Cella, the longtime president and chairman of the board of Oaklawn Jockey Club, was at home in St. Louis surrounded by family when he died, according to sons John and Louis Cella, Oaklawn Racing & Gaming said in a news release.
Cella, Oaklawn's president since 1968, and his family have owned and operated the track since its founding in 1904.
"Under his direction, Oaklawn developed into one of the largest and most respected racing centers in America. Oaklawn is credited with numerous innovations in the sport including The Racing Festival of the South, full-card interstate simulcasting and Instant Racing," the release said.
In addition to Oaklawn, Cella was president of Southwestern Enterprises Inc. and Southern Real Estate and Financial Co.
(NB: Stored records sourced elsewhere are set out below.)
(* Fix a positive integer $n$, let $x=(x_1,\dots,x_n)$, and let $\lambda$ be a partition with at most $n$ rows. Then $$s_\lambda(x\,\|\,a)=\sum_T\prod_{\substack{\alpha\in\lambda\\ T(\alpha)\text{ unprimed}}}x_{T(\alpha)}\prod_{\substack{\alpha\in\lambda\\ T(\alpha)\text{ primed}}}\big(-a_{T(\alpha)}\big),$$ summed over all reverse $\lambda$-supertableaux $T$ (for a primed entry $k'$, $a_{T(\alpha)}$ means $a_k$).
   Context: $a=(a_i)_{i\in\mathbb{Z}}$ are independent variables. Partitions are identified with Young diagrams; box $(i,j)$ has content $c(\alpha)=j-i$; $\lambda'_j$ is the length of column $j$. The double Schur polynomial is $s_\lambda(x\,\|\,a)=\sum_T\prod_{\alpha\in\lambda}(x_{T(\alpha)}-a_{T(\alpha)-c(\alpha)})$ summed over reverse $\lambda$-tableaux $T$ (entries in $\{1,\dots,n\}$, weakly decreasing along rows, strictly decreasing down columns). A reverse $\lambda$-supertableau is a filling of $\lambda$ with symbols from $\{1,\dots,n\}\cup\{k':k\in\mathbb{Z},\ k\le n\}$ such that: in each row (resp. column) every primed symbol lies to the right of (resp. below) every unprimed symbol; unprimed symbols weakly decrease along rows and strictly decrease down columns; primed symbols strictly decrease along rows and weakly decrease down columns (comparing $k'$ by $k$); and every primed symbol $k'$ in column $j$ satisfies $k\ge\lambda'_j-j+1$. *)

theory Defs
  imports Main
begin

text \<open>A partition is a weakly decreasing list of positive naturals (its rows, top to bottom).
Boxes are pairs (i,j) with 1-based row i and column j.\<close>

definition is_partition :: "nat list \<Rightarrow> bool" where
  "is_partition lam \<longleftrightarrow> sorted_wrt (\<ge>) lam \<and> (\<forall>r\<in>set lam. 0 < r)"

definition diagram :: "nat list \<Rightarrow> (nat \<times> nat) set" where
  "diagram lam = {(i, j). 1 \<le> i \<and> i \<le> length lam \<and> 1 \<le> j \<and> j \<le> lam ! (i - 1)}"

definition content :: "nat \<times> nat \<Rightarrow> int" where
  "content \<alpha> = int (snd \<alpha>) - int (fst \<alpha>)"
He also owned and raced numerous notable thoroughbreds, including 1995 Breeders' Cup Turf champion Northern Spur, it said.
Survivors include his two sons and a daughter, Harriet Marshall, and eight grandchildren.
"At this time of great sadness for our family, we find comfort in knowing that one of the great joys in his life was seeing Oaklawn develop into a national treasure with such a significant economic impact on Arkansas. In addition to the holidays with his family, his favorite time of the year was always the Oaklawn racing season with fans, horsemen and staff," the Cella family said in a statement released by Oaklawn.
Arrangements will be announced when finalized.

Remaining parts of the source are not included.